• [WHAT YOU HAVE TO DO]
What you return should be the lines of the data containing "moreover", each in full.

*** Opening DATA LISTING ***

(* Let $G$ be a finite group, let $M$ be a subgroup of $G$, and let $K$ be a normal subgroup of $G$ contained in $M$. Suppose that $G$ is a split extension of $K$ by $G/K$ (that is, $K$ has a complement in $G$). Then $M$ is a perfect code of $G$ if and only if $M/K$ is a perfect code of $G/K$.
   Context: For a group $G$ with identity $e$ and an inverse-closed subset $S\subseteq G\setminus\{e\}$, the Cayley graph $\mathrm{Cay}(G,S)$ has vertex set $G$ and edges $\{g,sg\}$ for $s\in S$, $g\in G$. A perfect code in a graph is an independent set $C$ of vertices such that every vertex outside $C$ is adjacent to exactly one vertex of $C$. A subgroup $H$ of $G$ is a perfect code of $G$ if some Cayley graph of $G$ admits $H$ as a perfect code. *)

theory Defs
  imports "HOL-Algebra.Algebra"
begin

definition cayley_adj :: "('a, 'b) monoid_scheme \<Rightarrow> 'a set \<Rightarrow> 'a \<Rightarrow> 'a \<Rightarrow> bool" where
  "cayley_adj G S x y \<longleftrightarrow> x \<in> carrier G \<and> y \<in> carrier G \<and>
     ((\<exists>s\<in>S. y = s \<otimes>\<^bsub>G\<^esub> x) \<or> (\<exists>s\<in>S. x = s \<otimes>\<^bsub>G\<^esub> y))"

definition cayley_connection_set :: "('a, 'b) monoid_scheme \<Rightarrow> 'a set \<Rightarrow> bool" where
  "cayley_connection_set G S \<longleftrightarrow> S \<subseteq> carrier G - {\<one>\<^bsub>G\<^esub>} \<and> (\<forall>s\<in>S. inv\<^bsub>G\<^esub> s \<in> S)"

definition perfect_code_in :: "('a, 'b) monoid_scheme \<Rightarrow> 'a set \<Rightarrow> 'a set \<Rightarrow> bool" where
  "perfect_code_in G S C \<longleftrightarrow> C \<subseteq> carrier G \<and>
     (\<forall>x\<in>C. \<forall>y\<in>C. \<not> cayley_adj G S x y) \<and>
     (\<forall>x\<in>carrier G - C. \<exists>!c. c \<in> C \<and> cayley_adj G S x c)"

definition subgroup_perfect_code :: "'a set \<Rightarrow> ('a, 'b) monoid_scheme \<Rightarrow> bool" where
  "subgroup_perfect_code H G \<longleftrightarrow> subgroup H G \<and>
     (\<exists>S. cayley_connection_set G S \<and> perfect_code_in G S H)"

end

theory Submission
  imports Defs
begin

(* A subgroup H is a perfect code of Cay(G,S) exactly when S avoids H and meets every other
   left coset xH in exactly one element. Let h : G -> Q be a surjective homomorphism whose
   kernel lies in M. Left cosets of M are then the full preimages of left cosets of h M, so
   the image h S of a connection set for M is a connection set for h M. Conversely, a
   complement L of the kernel maps bijectively onto Q, so a connection set T for h M lifts to
   the connection set of those l in L with h l in T. *)

lemma bij_betw_Ex1_iff:
  assumes "bij_betw f A B"
  shows "(\<exists>!a. a \<in> A \<and> P (f a)) \<longleftrightarrow> (\<exists>!b. b \<in> B \<and> P b)"
  using assms unfolding bij_betw_def inj_on_def by blast

lemma (in group) cayley_adj_iff:
  assumes "cayley_connection_set G S"
  shows "cayley_adj G S x y \<longleftrightarrow> x \<in> carrier G \<and> y \<in> carrier G \<and> x \<otimes> inv y \<in> S"
proof -
  have S: "S \<subseteq> carrier G" "\<And>s. s \<in> S \<Longrightarrow> inv s \<in> S"
    using assms unfolding cayley_connection_set_def by auto
  have solve: "(\<exists>s\<in>S. a = s \<otimes> b) \<longleftrightarrow> a \<otimes> inv b \<in> S"
    if a: "a \<in> carrier G" and b: "b \<in> carrier G" for a b
  proof -
    have "a = s \<otimes> b \<longleftrightarrow> s = a \<otimes> inv b" if "s \<in> S" for s
      using inv_solve_right[of s a b] that S(1) a b by blast
    then show ?thesis
      by auto
  qed
  have swap: "y \<otimes> inv x \<in> S \<longleftrightarrow> x \<otimes> inv y \<in> S"
    if x: "x \<in> carrier G" and y: "y \<in> carrier G"
  proof -
    have "inv (x \<otimes> inv y) = y \<otimes> inv x" "inv (y \<otimes> inv x) = x \<otimes> inv y"
      using x y by (simp_all add: inv_mult_group)
    then show ?thesis
      using S(2) by metis
  qed
  show ?thesis
    unfolding cayley_adj_def using solve swap by blast
qed

(* The subscript on <# is explicit because the bare symbol also denotes the multiset order. *)
lemma (in group) bij_betw_lcos:
  assumes "subgroup H G" "x \<in> carrier G"
  shows "bij_betw (\<lambda>c. x \<otimes> inv c) H (x <#\<^bsub>G\<^esub> H)"
proof (rule bij_betw_imageI)
  show "inj_on (\<lambda>c. x \<otimes> inv c) H"
    using assms by (intro inj_onI) (metis l_cancel inv_closed inv_inv subgroup.mem_carrier)
  show "(\<lambda>c. x \<otimes> inv c) ` H = x <#\<^bsub>G\<^esub> H"
  proof
    show "(\<lambda>c. x \<otimes> inv c) ` H \<subseteq> x <#\<^bsub>G\<^esub> H"
      using assms by (auto simp: l_coset_def intro: subgroup.m_inv_closed)
    show "x <#\<^bsub>G\<^esub> H \<subseteq> (\<lambda>c. x \<otimes> inv c) ` H"
      using assms by (auto simp: l_coset_def intro!: image_eqI[of _ _ "inv _"]
          subgroup.m_inv_closed dest: subgroup.mem_carrier)
  qed
qed

lemma (in group) perfect_code_in_subgroup_iff:
  assumes H: "subgroup H G" and S: "cayley_connection_set G S"
  shows "perfect_code_in G S H \<longleftrightarrow>
    S \<inter> H = {} \<and> (\<forall>x \<in> carrier G - H. \<exists>!s. s \<in> S \<inter> (x <#\<^bsub>G\<^esub> H))"
proof -
  note adj = cayley_adj_iff[OF S]
  have HG: "H \<subseteq> carrier G"
    using H by (rule subgroup.subset)
  have "(\<forall>x\<in>H. \<forall>y\<in>H. \<not> cayley_adj G S x y) \<longleftrightarrow> S \<inter> H = {}"
  proof
    assume "\<forall>x\<in>H. \<forall>y\<in>H. \<not> cayley_adj G S x y"
    then have "\<not> cayley_adj G S s \<one>" if "s \<in> H" for s
      using that H subgroup.one_closed by blast
    then show "S \<inter> H = {}"
      using adj HG by auto
  qed (use adj H in \<open>auto intro: subgroup.m_closed subgroup.m_inv_closed\<close>)
  moreover have "(\<exists>!c. c \<in> H \<and> cayley_adj G S x c) \<longleftrightarrow> (\<exists>!s. s \<in> S \<inter> (x <#\<^bsub>G\<^esub> H))"
    if x: "x \<in> carrier G" for x
  proof -
    have "(\<lambda>c. c \<in> H \<and> cayley_adj G S x c) = (\<lambda>c. c \<in> H \<and> x \<otimes> inv c \<in> S)"
      using adj HG x by auto
    then show ?thesis
      using bij_betw_Ex1_iff[OF bij_betw_lcos[OF H x], of "\<lambda>s. s \<in> S"] by auto
  qed
  ultimately show ?thesis
    unfolding perfect_code_in_def using HG by auto
qed

lemma (in group) mem_lcos_iff:
  assumes "subgroup N G" "x \<in> carrier G" "y \<in> carrier G"
  shows "y \<in> x <#\<^bsub>G\<^esub> N \<longleftrightarrow> inv x \<otimes> y \<in> N"
  using subgroup.lcos_module_imp[OF assms(1) is_group assms(2)]
    subgroup.lcos_module_rev[OF assms(1) is_group assms(2,3)] by (intro iffI)

lemma (in group_hom) hom_mem_image_iff:
  assumes M: "subgroup M G" and ker: "kernel G H h \<subseteq> M" and x: "x \<in> carrier G"
  shows "h x \<in> h ` M \<longleftrightarrow> x \<in> M"
proof
  assume "h x \<in> h ` M"
  then obtain m where m: "m \<in> M" "h x = h m" by auto
  with M x have "x \<otimes> inv m \<in> kernel G H h"
    by (auto simp: kernel_def dest: subgroup.mem_carrier)
  with ker have "x \<otimes> inv m \<otimes> m \<in> M"
    using M m by (auto intro: subgroup.m_closed)
  with x m M show "x \<in> M"
    by (simp add: G.m_assoc subgroup.mem_carrier)
qed simp

lemma (in group_hom) hom_mem_lcos_image_iff:
  assumes M: "subgroup M G" and ker: "kernel G H h \<subseteq> M"
    and x: "x \<in> carrier G" and y: "y \<in> carrier G"
  shows "h y \<in> h x <#\<^bsub>H\<^esub> h ` M \<longleftrightarrow> y \<in> x <#\<^bsub>G\<^esub> M"
proof -
  have "h y \<in> h x <#\<^bsub>H\<^esub> h ` M \<longleftrightarrow> h (inv x \<otimes> y) \<in> h ` M"
    using H.mem_lcos_iff[OF subgroup_img_is_subgroup[OF M]] x y by simp
  also have "\<dots> \<longleftrightarrow> inv x \<otimes> y \<in> M"
    using x y by (intro hom_mem_image_iff[OF M ker]) simp
  also have "\<dots> \<longleftrightarrow> y \<in> x <#\<^bsub>G\<^esub> M"
    using G.mem_lcos_iff[OF M x y] by simp
  finally show ?thesis .
qed

lemma (in group_hom) bij_betw_complement_of_kernel:
  assumes L: "subgroup L G" and trivial: "kernel G H h \<inter> L = {\<one>}"
    and complement: "kernel G H h <#> L = carrier G" and surj: "h ` carrier G = carrier H"
  shows "bij_betw h L (carrier H)"
proof -
  interpret L: group_hom "G\<lparr>carrier := L\<rparr>" H h
    using induced_group_hom'[OF L] .
  have LG: "L \<subseteq> carrier G"
    using L by (rule subgroup.subset)
  have "kernel (G\<lparr>carrier := L\<rparr>) H h = {\<one>}"
    using trivial LG by (auto simp: kernel_def)
  then have "inj_on h L"
    using L.inj_iff_trivial_ker by simp
  moreover have "h ` carrier G = h ` L"
  proof
    have "h (k \<otimes> l) \<in> h ` L" if "k \<in> kernel G H h" "l \<in> L" for k l
      using that LG by (auto simp: kernel_def)
    then show "h ` carrier G \<subseteq> h ` L"
      unfolding complement[symmetric] set_mult_def by auto
  qed (use LG in auto)
  ultimately show ?thesis
    unfolding bij_betw_def using surj by simp
qed

lemma (in group_hom) subgroup_perfect_code_image:
  assumes surj: "h ` carrier G = carrier H" and M: "subgroup M G" and ker: "kernel G H h \<subseteq> M"
    and perfect: "subgroup_perfect_code M G"
  shows "subgroup_perfect_code (h ` M) H"
proof -
  obtain S where S: "cayley_connection_set G S" and code: "perfect_code_in G S M"
    using perfect unfolding subgroup_perfect_code_def by blast
  have SG: "S \<subseteq> carrier G"
    using S unfolding cayley_connection_set_def by auto
  have disjoint: "S \<inter> M = {}"
    and unique: "\<And>x. x \<in> carrier G - M \<Longrightarrow> \<exists>!s. s \<in> S \<inter> (x <#\<^bsub>G\<^esub> M)"
    using code G.perfect_code_in_subgroup_iff[OF M S] by auto
  have hM: "subgroup (h ` M) H"
    using subgroup_img_is_subgroup[OF M] .
  have T: "cayley_connection_set H (h ` S)"
  proof -
    have "h ` S \<subseteq> carrier H"
      using SG by auto
    moreover have "h s \<noteq> \<one>\<^bsub>H\<^esub>" if "s \<in> S" for s
    proof
      assume "h s = \<one>\<^bsub>H\<^esub>"
      with that SG ker have "s \<in> M"
        by (auto simp: kernel_def)
      with that disjoint show False
        by blast
    qed
    moreover have "inv\<^bsub>H\<^esub> (h s) \<in> h ` S" if "s \<in> S" for s
    proof -
      have "inv\<^bsub>H\<^esub> (h s) = h (inv s)"
        using that SG by auto
      moreover have "inv s \<in> S"
        using that S unfolding cayley_connection_set_def by blast
      ultimately show ?thesis
        by simp
    qed
    ultimately show ?thesis
      unfolding cayley_connection_set_def by auto
  qed
  have "perfect_code_in H (h ` S) (h ` M)"
    unfolding H.perfect_code_in_subgroup_iff[OF hM T]
  proof (intro conjI ballI)
    have "h s \<notin> h ` M" if "s \<in> S" for s
      using that disjoint SG hom_mem_image_iff[OF M ker] by blast
    then show "h ` S \<inter> h ` M = {}"
      by blast
  next
    fix u assume u: "u \<in> carrier H - h ` M"
    obtain x where x: "x \<in> carrier G" "u = h x"
      using u surj by auto
    with u have "x \<notin> M"
      by auto
    then obtain s where s: "s \<in> S" "s \<in> x <#\<^bsub>G\<^esub> M"
      and s_unique: "\<And>s'. s' \<in> S \<Longrightarrow> s' \<in> x <#\<^bsub>G\<^esub> M \<Longrightarrow> s' = s"
      using unique x by blast
    note lcos = hom_mem_lcos_image_iff[OF M ker x(1)]
    show "\<exists>!t. t \<in> h ` S \<inter> (u <#\<^bsub>H\<^esub> h ` M)"
    proof
      show "h s \<in> h ` S \<inter> (u <#\<^bsub>H\<^esub> h ` M)"
        using s SG lcos x(2) by blast
      show "t = h s" if t: "t \<in> h ` S \<inter> (u <#\<^bsub>H\<^esub> h ` M)" for t
      proof -
        obtain s' where s': "s' \<in> S" "t = h s'"
          using t by blast
        with t x(2) have "h s' \<in> h x <#\<^bsub>H\<^esub> h ` M"
          by simp
        then have "s' \<in> x <#\<^bsub>G\<^esub> M"
          using lcos s'(1) SG by blast
        then show ?thesis
          using s_unique s' by blast
      qed
    qed
  qed
  then show ?thesis
    unfolding subgroup_perfect_code_def using hM T by blast
qed

lemma (in group_hom) subgroup_perfect_code_of_image:
  assumes M: "subgroup M G" and ker: "kernel G H h \<subseteq> M"
    and L: "subgroup L G" and bij: "bij_betw h L (carrier H)"
    and perfect: "subgroup_perfect_code (h ` M) H"
  shows "subgroup_perfect_code M G"
proof -
  have hM: "subgroup (h ` M) H"
    using subgroup_img_is_subgroup[OF M] .
  obtain T where T: "cayley_connection_set H T" and code: "perfect_code_in H T (h ` M)"
    using perfect unfolding subgroup_perfect_code_def by blast
  have disjoint: "T \<inter> h ` M = {}"
    and unique: "\<And>u. u \<in> carrier H - h ` M \<Longrightarrow> \<exists>!t. t \<in> T \<inter> (u <#\<^bsub>H\<^esub> h ` M)"
    using code H.perfect_code_in_subgroup_iff[OF hM T] by auto
  have LG: "L \<subseteq> carrier G"
    using L by (rule subgroup.subset)
  define S where "S = {l \<in> L. h l \<in> T}"
  have S: "cayley_connection_set G S"
    using T LG subgroup.m_inv_closed[OF L]
    unfolding cayley_connection_set_def S_def by auto
  have "perfect_code_in G S M"
    unfolding G.perfect_code_in_subgroup_iff[OF M S]
  proof (intro conjI ballI)
    show "S \<inter> M = {}"
      using disjoint unfolding S_def by auto
  next
    fix x assume x: "x \<in> carrier G - M"
    have "h x \<in> carrier H - h ` M"
      using x hom_mem_image_iff[OF M ker] by auto
    then obtain t where t: "t \<in> T \<inter> (h x <#\<^bsub>H\<^esub> h ` M)"
      and t_unique: "\<And>t'. t' \<in> T \<inter> (h x <#\<^bsub>H\<^esub> h ` M) \<Longrightarrow> t' = t"
      using unique by blast
    obtain l where l: "l \<in> L" "t = h l"
      using t T bij unfolding cayley_connection_set_def bij_betw_def by blast
    note lcos = hom_mem_lcos_image_iff[OF M ker, of x]
    show "\<exists>!s. s \<in> S \<inter> (x <#\<^bsub>G\<^esub> M)"
    proof
      show "l \<in> S \<inter> (x <#\<^bsub>G\<^esub> M)"
        using t l x LG lcos unfolding S_def by auto
      show "s = l" if "s \<in> S \<inter> (x <#\<^bsub>G\<^esub> M)" for s
      proof -
        have "h s = h l"
          using that t_unique l x LG lcos unfolding S_def by auto
        then show ?thesis
          using that l bij unfolding S_def bij_betw_def inj_on_def by auto
      qed
    qed
  qed
  then show ?thesis
    unfolding subgroup_perfect_code_def using M S by blast
qed

lemma (in normal) kernel_r_coset_hom_Mod: "kernel G (G Mod H) (\<lambda>a. H #> a) = H"
proof -
  have "H #> x = H \<longleftrightarrow> x \<in> H" if "x \<in> carrier G" for x
    using that coset_join1 coset_join2 subgroup_axioms by blast
  then show ?thesis
    unfolding kernel_def using subset by auto
qed

theorem theorem4p4:
  fixes G :: "('a, 'b) monoid_scheme" and M K :: "'a set"
  assumes "group G" and "finite (carrier G)"
    and "subgroup M G" and "K \<lhd> G" and "K \<subseteq> M"
    and "\<exists>L. subgroup L G \<and> K \<inter> L = {\<one>\<^bsub>G\<^esub>} \<and> K <#>\<^bsub>G\<^esub> L = carrier G"
  shows "subgroup_perfect_code M G \<longleftrightarrow>
         subgroup_perfect_code ((\<lambda>m. K #>\<^bsub>G\<^esub> m) ` M) (G Mod K)"
proof -
  interpret K: normal K G by fact
  interpret quotient: group_hom G "G Mod K" "\<lambda>m. K #>\<^bsub>G\<^esub> m"
    using K.r_coset_hom_Mod K.factorgroup_is_group assms(1)
    by (simp add: group_hom_def group_hom_axioms_def)
  obtain L where L: "subgroup L G" "K \<inter> L = {\<one>\<^bsub>G\<^esub>}" "K <#>\<^bsub>G\<^esub> L = carrier G"
    using assms(6) by blast
  note ker = K.kernel_r_coset_hom_Mod
  have surj: "(\<lambda>m. K #>\<^bsub>G\<^esub> m) ` carrier G = carrier (G Mod K)"
    by (simp add: carrier_FactGroup)
  have bij: "bij_betw (\<lambda>m. K #>\<^bsub>G\<^esub> m) L (carrier (G Mod K))"
    using quotient.bij_betw_complement_of_kernel[OF L(1)] L(2,3) surj by (simp add: ker)
  show ?thesis
    using quotient.subgroup_perfect_code_image[OF surj assms(3)]
      quotient.subgroup_perfect_code_of_image[OF assms(3) _ L(1) bij] assms(5)
    by (auto simp only: ker)
qed

end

*** Closing DATA LISTING ***

• [RESULT]
  moreover have "(\<exists>!c. c \<in> H \<and> cayley_adj G S x c) \<longleftrightarrow> (\<exists>!s. s \<in> S \<inter> (x <#\<^bsub>G\<^esub> H))"
  moreover have "h ` carrier G = h ` L"
    moreover have "h s \<noteq> \<one>\<^bsub>H\<^esub>" if "s \<in> S" for s
    moreover have "inv\<^bsub>H\<^esub> (h s) \<in> h ` S" if "s \<in> S" for s
      moreover have "inv s \<in> S"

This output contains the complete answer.